Parsing Math Expressions in C#. Tokenization

The science is constantly evolving, the technology is rapidly breaking into our lives, new tools and opportunities are appearing, the only one thing that is permanent is the gloomy expression of the face of your interviewer. And since we’ve figured out how to read the emotions of the interviewer, then we still have problems with reading mathematical expressions. Therefore, in this post, we will analyze the simplest topic in the context of this task - splitting a source string into separate tokens.

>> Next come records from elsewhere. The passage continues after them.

lemma second_difference_tendsto:
  fixes F F\<^sub>1 :: "real \<Rightarrow> real \<Rightarrow> real"
  assumes "r > 0"
    and F\<^sub>1: "\<And>s \<tau>. (s, \<tau>) \<in> ball (x, t) r \<Longrightarrow> ((\<lambda>s. F s \<tau>) has_real_derivative F\<^sub>1 s \<tau>) (at s)"
    and D: "((\<lambda>q. F\<^sub>1 (fst q) (snd q)) has_derivative D) (at (x, t))"
  shows "((\<lambda>h. second_difference F x t h / h\<^sup>2) \<longlongrightarrow> D (0, 1)) (at_right 0)"
  unfolding tendsto_iff eventually_at_right_field
proof (intro allI impI)
  fix e :: real assume "e > 0"
  then have "e/8 > 0" by simp
  with D obtain \<delta> where "\<delta> > 0" and \<delta>: "\<And>y z. norm (y - (x, t)) < \<delta> \<Longrightarrow> norm (z - (x, t)) < \<delta> \<Longrightarrow>
      \<bar>F\<^sub>1 (fst y) (snd y) - F\<^sub>1 (fst z) (snd z) - D (y - z)\<bar>
        \<le> e/8 * (norm (y - (x, t)) + norm (z - (x, t)))"
    by (rule has_derivative_increment_bound) auto
  show "\<exists>b>0. \<forall>h>0. h < b \<longrightarrow> dist (second_difference F x t h / h\<^sup>2) (D (0, 1)) < e"
  proof (intro exI conjI allI impI)
    show "min \<delta> r / 2 > 0" using \<open>\<delta> > 0\<close> \<open>r > 0\<close> by simp
  next
    fix h :: real assume h: "0 < h" "h < min \<delta> r / 2"
    have near: "norm ((s, \<tau>) - (x, t)) \<le> 2 * h" "norm ((s, \<tau>) - (x, t)) < min \<delta> r"
      if "x \<le> s" "s \<le> x + h" "t \<le> \<tau>" "\<tau> \<le> t + h" for s \<tau>
    proof -
      have "norm ((s, \<tau>) - (x, t)) \<le> norm (s - x) + norm (\<tau> - t)"
        using norm_Pair_le[of "s - x" "\<tau> - t"] by simp
      with that show "norm ((s, \<tau>) - (x, t)) \<le> 2 * h" by simp
      with h show "norm ((s, \<tau>) - (x, t)) < min \<delta> r" by linarith
    qed
    have "((\<lambda>s. F s \<tau>) has_real_derivative F\<^sub>1 s \<tau>) (at s)"
      if "x \<le> s" "s \<le> x + h" "\<tau> \<in> {t, t + h}" for s \<tau>
      using near(2)[of s \<tau>] that h by (intro F\<^sub>1) (auto simp: dist_commute dist_norm)
    from second_difference_mean_value[OF h(1) this] obtain \<xi> where \<xi>: "x < \<xi>" "\<xi> < x + h"
      and mvt: "second_difference F x t h = h * (F\<^sub>1 \<xi> (t + h) - F\<^sub>1 \<xi> t)" .
    have "D ((\<xi>, t + h) - (\<xi>, t)) = h * D (0, 1)"
      using bounded_linear_real_pair[OF has_derivative_bounded_linear[OF D], of 0 h] by simp
    then have "\<bar>F\<^sub>1 \<xi> (t + h) - F\<^sub>1 \<xi> t - h * D (0, 1)\<bar>
        \<le> e/8 * (norm ((\<xi>, t + h) - (x, t)) + norm ((\<xi>, t) - (x, t)))"
      using \<delta>[of "(\<xi>, t + h)" "(\<xi>, t)"] near(2)[of \<xi> "t + h"] near(2)[of \<xi> t] \<xi> h by simp
    also have "\<dots> \<le> e/8 * (2 * h + 2 * h)"
      using near(1)[of \<xi> "t + h"] near(1)[of \<xi> t] \<xi> h \<open>e > 0\<close>
      by (intro mult_left_mono add_mono) auto
    finally have "\<bar>F\<^sub>1 \<xi> (t + h) - F\<^sub>1 \<xi> t - h * D (0, 1)\<bar> < e * h"
      using mult_pos_pos[OF \<open>e > 0\<close> h(1)] by simp
    moreover have "second_difference F x t h / h\<^sup>2 - D (0, 1)
        = (F\<^sub>1 \<xi> (t + h) - F\<^sub>1 \<xi> t - h * D (0, 1)) / h"
      using mvt h by (simp add: field_simps power2_eq_square)
    ultimately show "dist (second_difference F x t h / h\<^sup>2) (D (0, 1)) < e"
      using h by (simp add: dist_real_def abs_divide pos_divide_less_eq)
  qed
qed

As has been mentioned in the previous posts about the postfix notation and shunting-yard algorithm. We have the following types of tokens:

Arithmetic signs: +, -, *, /;
Round brackets (, );
Real numbers; for simplicity let’s use only integer numbers and the numbers with a dot delimiter;
Space is the only delimiter for tokens.

Let’s create a body for the main method in C#. We’re going to read an expression character by character and process them in-place. For our case, it’s enough while other lexical analyzers can require more complex approaches. In the very book, this topic is described quite well.

First, we’re implementing the simplest case: an input line contains only one number, there are neither spaces no operators:

While there are characters read a character and add it to special storage;
If the storage is not empty then create a number based on the characters and add the number to the resulting sequence.

Let’s complicate the task a bit by allowing the use of several numbers separated by spaces. Then the conversion into tokens can be represented as follows:

While there are characters take a character:
- If the character is a separator (a space in our case), then convert the previously saved characters in the storage to a number and add the number to the resulting sequence;
- Otherwise, add the character to the numbers storage.
If the storage contains characters then convert the characters to a number and add the number to the resulting sequence.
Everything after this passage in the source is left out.